### GOAL OF THE EXERCISE
Up to and including the line with "by (smt (verit))", please reproduce the lines below exactly, beginning with the first.
···
lemma del_even_reordering:
  assumes "reordering xs ys" "i < length xs" "j < length ys" "xs ! i = ys ! j"
  shows "reordering (del i xs) (del j ys)
    \<and> (even_reordering (del i xs) (del j ys) \<longleftrightarrow> (even i \<longleftrightarrow> (even_reordering xs ys \<longleftrightarrow> even j)))"
proof -
  let ?x = "xs ! i"
  have dx: "distinct xs" "distinct ys" using assms by (auto simp: reordering_def)
  note A = move_to_front_parity[OF dx(1) assms(2)]
  note B = move_to_front_parity[OF dx(2) assms(3), folded assms(4)]
  have AB: "reordering (?x # del i xs) (?x # del j ys)"
    using A B assms(1) reordering_trans reordering_sym by blast
  have s: "set (del i xs) = set (del j ys)"
    using AB unfolding reordering_def by (metis Diff_insert_absorb distinct.simps(2) list.simps(15))
  have "even_reordering (?x # del i xs) (?x # del j ys)
      \<longleftrightarrow> (even i \<longleftrightarrow> (even_reordering xs ys \<longleftrightarrow> even j))"
    using A B assms(1) even_reordering_trans even_reordering_sym reordering_trans reordering_sym
    by (smt (verit))
  moreover have "even_reordering (?x # del i xs) (?x # del j ys) \<longleftrightarrow> even_reordering (del i xs) (del j ys)"
    using even_reordering_Cons_cancel[OF _ _ s] AB by (auto simp: reordering_def)
  ultimately show ?thesis
    using AB s by (auto simp: reordering_def)
qed

lemma mem_oclass_iff:
  assumes "distinct xs"
  shows "ys \<in> oclass xs \<longleftrightarrow> reordering xs ys \<and> even_reordering xs ys"
proof
  assume "ys \<in> oclass xs"
  then obtain q where q: "ys = map q xs" "q permutes set xs" "evenperm q"
    unfolding oclass_def by blast
  then have r: "reordering xs ys"
    using assms by (simp add: reordering_def distinct_map permutes_inj_on permutes_image)
  then show "reordering xs ys \<and> even_reordering xs ys"
    using reorder_perm_unique q by (metis even_reordering_def)
next
  assume r: "reordering xs ys \<and> even_reordering xs ys"
  then have "map (reorder_perm xs ys) xs = ys"
    using map_reorder_perm reordering_length assms by metis
  then show "ys \<in> oclass xs"
    unfolding oclass_def mem_Collect_eq
    using r reorder_perm_permutes[of xs ys] by (intro exI[of _ "reorder_perm xs ys"]) (simp add: even_reordering_def)
qed

lemma oclass_self: "distinct xs \<Longrightarrow> xs \<in> oclass xs"
  by (simp add: mem_oclass_iff even_reordering_refl reordering_def)
lemma obs_lim_beta_subset_BT:
  assumes "obs_lim beta M q"
  shows "q \<subseteq> BT M"
proof -
  obtain f where f: "max_seq beta M f" and q: "q = (\<Union>n. obs (f n))"
    using assms unfolding obs_lim_def by blast
  have "obs (f n) \<subseteq> BT M" for n
    using max_seq_beta_rtranclp[OF f] by (rule obs_subset_BT)
  then show ?thesis unfolding q by (simp add: UN_subset_iff)
qed

theorem mainTheorem18:
  shows "multistep_strategy pd beta \<and> obs_normalizing pd beta \<and> (\<forall>M. BT M \<in> Lim M pd)"
proof (intro conjI)
  show "multistep_strategy pd beta"
    unfolding multistep_strategy_def
    by (intro conjI allI impI) (simp_all add: pd_into_rtrancl_beta pd_into_trancl_beta ex_pd)
  show "obs_normalizing pd beta"
    unfolding obs_normalizing_def asympt_complete_def asympt_uniform_def
  proof (intro conjI allI impI ballI)
    fix M q
    assume "obs_lim beta M q"
    moreover have "obs_lim pd M (BT M)"
      using Lim_pd[of M] unfolding Lim_def by blast
    ultimately show "\<exists>p. obs_lim pd M p \<and> q \<subseteq> p"
      using obs_lim_beta_subset_BT by blast
  qed (simp add: Lim_pd)
  show "\<forall>M. BT M \<in> Lim M pd"
    by (simp add: Lim_pd)
qed

end
lemma vpow_add_vv_minus_vinv_mult: "vpow (k - 1) + (vv - vinv) * vpow k = vpow (k + 1)"
  by (simp add: vv_eq_vpow vinv_eq_vpow vpow_mult algebra_simps)

lemma in_vZv_lbar_eq_zero:
  assumes "in_vZv f" and "lbar f = f"
  shows "f = 0"
proof (rule poly_mapping_eqI)
  fix k
  show "Poly_Mapping.lookup f k = Poly_Mapping.lookup 0 k"
  proof (cases "k \<le> 0")
    case True
    then show ?thesis using assms(1) unfolding in_vZv_def by simp
  next
    case False
    have "Poly_Mapping.lookup f k = Poly_Mapping.lookup f (- k)"
      using assms(2) lookup_lbar[of f k] by simp
    then show ?thesis using assms(1) False unfolding in_vZv_def by simp
  qed
qed

lemma in_vZv_diff: "in_vZv f \<Longrightarrow> in_vZv g \<Longrightarrow> in_vZv (f - g)"
  by (simp add: in_vZv_def lookup_minus)

lemma in_vZv_zero [simp]: "in_vZv 0"
  by (simp add: in_vZv_def)

lemma in_vZv_vpow: "0 < k \<Longrightarrow> in_vZv (vpow k)"
  by (simp add: in_vZv_def vpow_def lookup_single when_def)


section \<open>Permutations and their length\<close>

lemma sref_permutes: "1 \<le> i \<Longrightarrow> i < m \<Longrightarrow> sref i permutes {1..m}"
  unfolding sref_def by (rule permutes_swap_id) auto

lemma sref_sref [simp]: "sref i (sref i k) = k"
  by (simp add: sref_def)

lemma sref_sref_comp [simp]: "sref i \<circ> (sref i \<circ> x) = x"
  by (simp add: fun_eq_iff)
···
### OUTPUT
lemma del_even_reordering:
  assumes "reordering xs ys" "i < length xs" "j < length ys" "xs ! i = ys ! j"
  shows "reordering (del i xs) (del j ys)
    \<and> (even_reordering (del i xs) (del j ys) \<longleftrightarrow> (even i \<longleftrightarrow> (even_reordering xs ys \<longleftrightarrow> even j)))"
proof -
  let ?x = "xs ! i"
  have dx: "distinct xs" "distinct ys" using assms by (auto simp: reordering_def)
  note A = move_to_front_parity[OF dx(1) assms(2)]
  note B = move_to_front_parity[OF dx(2) assms(3), folded assms(4)]
  have AB: "reordering (?x # del i xs) (?x # del j ys)"
    using A B assms(1) reordering_trans reordering_sym by blast
  have s: "set (del i xs) = set (del j ys)"
    using AB unfolding reordering_def by (metis Diff_insert_absorb distinct.simps(2) list.simps(15))
  have "even_reordering (?x # del i xs) (?x # del j ys)
      \<longleftrightarrow> (even i \<longleftrightarrow> (even_reordering xs ys \<longleftrightarrow> even j))"
    using A B assms(1) even_reordering_trans even_reordering_sym reordering_trans reordering_sym
    by (smt (verit))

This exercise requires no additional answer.